(* Let $r=a/b$ with $a,b$ coprime positive integers. Then $I_r$ intertwines the left sub-Laplacian $\mathcal L$ with $\square_r=\mathcal L+rT^2$: $$I_r(\mathcal Lf)=\square_r(I_rf),\qquad f\in S(\overline{\mathbb{H}}).$$
   Context: $\mathbb{H}=\mathbb{C}\times\mathbb{R}$ (coordinates $z=x+iy$, $t$) with product $(x+iy,t)(u+iv,s)=(x+u+i(y+v),\,t+s+\tfrac12(xv-yu))$; $\overline{\mathbb{H}}=\mathbb{H}/\{(0,k\pi):k\in\mathbb{Z}\}\cong\mathbb{C}\times(\mathbb{R}/\pi\mathbb{Z})$, $S(\overline{\mathbb{H}})$ its Schwartz functions. For $r=a/b$, $\gamma_r(s)=(\sqrt r e^{is/\sqrt r},\tfrac12\sqrt r s)$ and $I_rf(z,t)=\int_0^{2\pi\sqrt{ab}}f((z,t)\gamma_r(s))\,ds$. The left-invariant vector fields are $X=\partial_x-\tfrac12y\partial_t$, $Y=\partial_y+\tfrac12x\partial_t$, $T=\partial_t$, and the left sub-Laplacian is $\mathcal L=-(X^2+Y^2)$. *)

theory Defs
  imports "HOL-Analysis.Analysis"
begin

type_synonym heis = "complex \<times> real"

definition hmul :: "heis \<Rightarrow> heis \<Rightarrow> heis" where
  "hmul p q = (fst p + fst q,
     snd p + snd q + (Re (fst p) * Im (fst q) - Im (fst p) * Re (fst q)) / 2)"

definition gam :: "real \<Rightarrow> real \<Rightarrow> heis" where
  "gam r s = (complex_of_real (sqrt r) * cis (s / sqrt r), sqrt r * s / 2)"

definition Iop :: "nat \<Rightarrow> nat \<Rightarrow> (heis \<Rightarrow> complex) \<Rightarrow> heis \<Rightarrow> complex" where
  "Iop a b f p = integral {0 .. 2 * pi * sqrt (real a * real b)}
      (\<lambda>s. f (hmul p (gam (real a / real b) s)))"

definition pdx :: "(heis \<Rightarrow> complex) \<Rightarrow> heis \<Rightarrow> complex" where
  "pdx f p = vector_derivative (\<lambda>u. f (Complex u (Im (fst p)), snd p)) (at (Re (fst p)))"

definition pdy :: "(heis \<Rightarrow> complex) \<Rightarrow> heis \<Rightarrow> complex" where
  "pdy f p = vector_derivative (\<lambda>v. f (Complex (Re (fst p)) v, snd p)) (at (Im (fst p)))"

definition pdt :: "(heis \<Rightarrow> complex) \<Rightarrow> heis \<Rightarrow> complex" where
  "pdt f p = vector_derivative (\<lambda>s. f (fst p, s)) (at (snd p))"

definition Xf :: "(heis \<Rightarrow> complex) \<Rightarrow> heis \<Rightarrow> complex" where
  "Xf f p = pdx f p - complex_of_real (Im (fst p) / 2) * pdt f p"

definition Yf :: "(heis \<Rightarrow> complex) \<Rightarrow> heis \<Rightarrow> complex" where
  "Yf f p = pdy f p + complex_of_real (Re (fst p) / 2) * pdt f p"

definition Tf :: "(heis \<Rightarrow> complex) \<Rightarrow> heis \<Rightarrow> complex" where
  "Tf f = pdt f"

definition subLap :: "(heis \<Rightarrow> complex) \<Rightarrow> heis \<Rightarrow> complex" where
  "subLap f p = - (Xf (Xf f) p + Yf (Yf f) p)"

definition boxr :: "real \<Rightarrow> (heis \<Rightarrow> complex) \<Rightarrow> heis \<Rightarrow> complex" where
  "boxr r f p = subLap f p + complex_of_real r * Tf (Tf f) p"

definition pd1 :: "nat \<Rightarrow> (heis \<Rightarrow> complex) \<Rightarrow> heis \<Rightarrow> complex" where
  "pd1 i f = (if i = 0 then pdx f else if i = 1 then pdy f else pdt f)"

definition iterpd :: "nat list \<Rightarrow> (heis \<Rightarrow> complex) \<Rightarrow> heis \<Rightarrow> complex" where
  "iterpd ws f = foldr pd1 ws f"

text \<open>Schwartz functions on Hbar = H / {(0, k pi)}: functions on H that are
  pi-periodic in t, smooth (all iterated partials are differentiable), and
  all of whose partial derivatives decay faster than any power of |z|
  (uniformly in t, which ranges over the compact circle R / pi Z).\<close>
definition schwartz_Hbar :: "(heis \<Rightarrow> complex) \<Rightarrow> bool" where
  "schwartz_Hbar f \<longleftrightarrow>
     (\<forall>z t. f (z, t + pi) = f (z, t)) \<and>
     (\<forall>ws. set ws \<subseteq> {0,1,2} \<longrightarrow> (\<forall>p. iterpd ws f differentiable (at p))) \<and>
     (\<forall>ws N. set ws \<subseteq> {0,1,2} \<longrightarrow>
        (\<exists>C. \<forall>z t. (1 + (cmod z)\<^sup>2) ^ N * cmod (iterpd ws f (z, t)) \<le> C))"

end

theory Submission
  imports Defs
begin

text \<open>Right translation R_g q = q g by g = (w, c) commutes with T, but it moves X and Y by a
  central term: X (f o R_g) = (X f + Im w T f) o R_g and Y (f o R_g) = (Y f - Re w T f) o R_g.
  As T commutes with X and Y, this gives L (f o R_g) = (L f - 2 (Im w X T f - Re w Y T f)
  - |w|^2 T^2 f) o R_g. Along gamma_r we have |w|^2 = r, and s -> p gamma_r(s) is a horizontal
  curve with velocity -sin X + cos Y, so at p the integrand of box_r I_r f - I_r L f is
  2 sqrt r times the s-derivative of (T f)(p gamma_r(s)). Its integral over [0, 2 pi sqrt(ab)]
  vanishes: the endpoint of p gamma_r is its starting point shifted by (0, pi a), and f is
  pi-periodic in t.\<close>


section \<open>Smooth functions and partial derivatives\<close>

definition smooth :: "(heis \<Rightarrow> complex) \<Rightarrow> bool" where
  "smooth h \<longleftrightarrow> (\<forall>ws. set ws \<subseteq> {0,1,2} \<longrightarrow> (\<forall>p. iterpd ws h differentiable (at p)))"

lemma smooth_pd1:
  assumes "smooth h" "i \<in> {0,1,2}"
  shows "smooth (pd1 i h)"
  unfolding smooth_def
proof (intro allI impI)
  fix ws :: "nat list" and p
  assume "set ws \<subseteq> {0,1,2}"
  with assms(2) have "set (ws @ [i]) \<subseteq> {0,1,2}" by auto
  then have "iterpd (ws @ [i]) h differentiable (at p)"
    using assms(1) unfolding smooth_def by blast
  then show "iterpd ws (pd1 i h) differentiable (at p)"
    by (simp add: iterpd_def)
qed

lemma smooth_pdx: "smooth h \<Longrightarrow> smooth (pdx h)"
  and smooth_pdy: "smooth h \<Longrightarrow> smooth (pdy h)"
  and smooth_pdt: "smooth h \<Longrightarrow> smooth (pdt h)"
  using smooth_pd1[of h 0] smooth_pd1[of h 1] smooth_pd1[of h 2] by (simp_all add: pd1_def)

lemma smooth_differentiable: "smooth h \<Longrightarrow> h differentiable (at p)"
  unfolding smooth_def by (metis empty_set empty_subsetI foldr_Nil iterpd_def id_apply)

definition C1 :: "(heis \<Rightarrow> complex) \<Rightarrow> bool" where
  "C1 h \<longleftrightarrow> (\<forall>p. h differentiable (at p)) \<and> continuous_on UNIV (pdx h)
     \<and> continuous_on UNIV (pdy h) \<and> continuous_on UNIV (pdt h)"

lemma continuous_on_UNIV_differentiable: "(\<And>p. h differentiable (at p)) \<Longrightarrow> continuous_on UNIV h"
  by (simp add: differentiable_at_imp_differentiable_on differentiable_imp_continuous_on)

lemma C1_differentiable: "C1 h \<Longrightarrow> h differentiable (at p)"
  unfolding C1_def by blast

lemma C1_continuous: "C1 h \<Longrightarrow> continuous_on UNIV h"
  by (simp add: C1_differentiable continuous_on_UNIV_differentiable)

lemma smooth_imp_C1: "smooth h \<Longrightarrow> C1 h"
  unfolding C1_def
  by (simp add: smooth_differentiable smooth_pdx smooth_pdy smooth_pdt continuous_on_UNIV_differentiable)

lemma has_vector_derivative_comp:
  assumes "(h has_derivative D) (at (c s))" "(c has_vector_derivative c') (at s)"
  shows "((\<lambda>s. h (c s)) has_vector_derivative D c') (at s)"
  using vector_derivative_diff_chain_within[of c c' s UNIV h D] assms
  by (simp add: comp_def has_derivative_at_withinI)

lemma pd_has_derivative:
  assumes "(h has_derivative D) (at p)"
  shows "pdx h p = D (1, 0)" "pdy h p = D (\<i>, 0)" "pdt h p = D (0, 1)"
proof -
  obtain x y t where p: "p = (Complex x y, t)" by (metis complex.exhaust surj_pair)
  have D: "(h has_derivative D) (at (Complex x y, t))" using assms by (simp add: p)
  have "((\<lambda>u. (Complex u y, t)) has_vector_derivative (1, 0)) (at x)"
    "((\<lambda>v. (Complex x v, t)) has_vector_derivative (\<i>, 0)) (at y)"
    "((\<lambda>s. (Complex x y, s)) has_vector_derivative (0, 1)) (at t)"
    unfolding Complex_eq by (auto intro!: derivative_eq_intros)
  then have "((\<lambda>u. h (Complex u y, t)) has_vector_derivative D (1, 0)) (at x)"
    "((\<lambda>v. h (Complex x v, t)) has_vector_derivative D (\<i>, 0)) (at y)"
    "((\<lambda>s. h (Complex x y, s)) has_vector_derivative D (0, 1)) (at t)"
    by (auto intro!: has_vector_derivative_comp[where h = h] simp: D)
  then show "pdx h p = D (1, 0)" "pdy h p = D (\<i>, 0)" "pdt h p = D (0, 1)"
    unfolding pdx_def pdy_def pdt_def p by (simp_all add: vector_derivative_at)
qed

WHAT IS BEING ASKED:
Begin with the line that has "unfolding smooth_def by (metis" in the listing above and end after the line that has "by (auto intro!: has_vector_derivative_comp[where"; output those lines exactly.

SOLVED EXERCISE:
  unfolding smooth_def by (metis empty_set empty_subsetI foldr_Nil iterpd_def id_apply)

definition C1 :: "(heis \<Rightarrow> complex) \<Rightarrow> bool" where
  "C1 h \<longleftrightarrow> (\<forall>p. h differentiable (at p)) \<and> continuous_on UNIV (pdx h)
     \<and> continuous_on UNIV (pdy h) \<and> continuous_on UNIV (pdt h)"

lemma continuous_on_UNIV_differentiable: "(\<And>p. h differentiable (at p)) \<Longrightarrow> continuous_on UNIV h"
  by (simp add: differentiable_at_imp_differentiable_on differentiable_imp_continuous_on)

lemma C1_differentiable: "C1 h \<Longrightarrow> h differentiable (at p)"
  unfolding C1_def by blast

lemma C1_continuous: "C1 h \<Longrightarrow> continuous_on UNIV h"
  by (simp add: C1_differentiable continuous_on_UNIV_differentiable)

lemma smooth_imp_C1: "smooth h \<Longrightarrow> C1 h"
  unfolding C1_def
  by (simp add: smooth_differentiable smooth_pdx smooth_pdy smooth_pdt continuous_on_UNIV_differentiable)

lemma has_vector_derivative_comp:
  assumes "(h has_derivative D) (at (c s))" "(c has_vector_derivative c') (at s)"
  shows "((\<lambda>s. h (c s)) has_vector_derivative D c') (at s)"
  using vector_derivative_diff_chain_within[of c c' s UNIV h D] assms
  by (simp add: comp_def has_derivative_at_withinI)

lemma pd_has_derivative:
  assumes "(h has_derivative D) (at p)"
  shows "pdx h p = D (1, 0)" "pdy h p = D (\<i>, 0)" "pdt h p = D (0, 1)"
proof -
  obtain x y t where p: "p = (Complex x y, t)" by (metis complex.exhaust surj_pair)
  have D: "(h has_derivative D) (at (Complex x y, t))" using assms by (simp add: p)
  have "((\<lambda>u. (Complex u y, t)) has_vector_derivative (1, 0)) (at x)"
    "((\<lambda>v. (Complex x v, t)) has_vector_derivative (\<i>, 0)) (at y)"
    "((\<lambda>s. (Complex x y, s)) has_vector_derivative (0, 1)) (at t)"
    unfolding Complex_eq by (auto intro!: derivative_eq_intros)
  then have "((\<lambda>u. h (Complex u y, t)) has_vector_derivative D (1, 0)) (at x)"
    "((\<lambda>v. h (Complex x v, t)) has_vector_derivative D (\<i>, 0)) (at y)"
    "((\<lambda>s. h (Complex x y, s)) has_vector_derivative D (0, 1)) (at t)"
    by (auto intro!: has_vector_derivative_comp[where h = h] simp: D)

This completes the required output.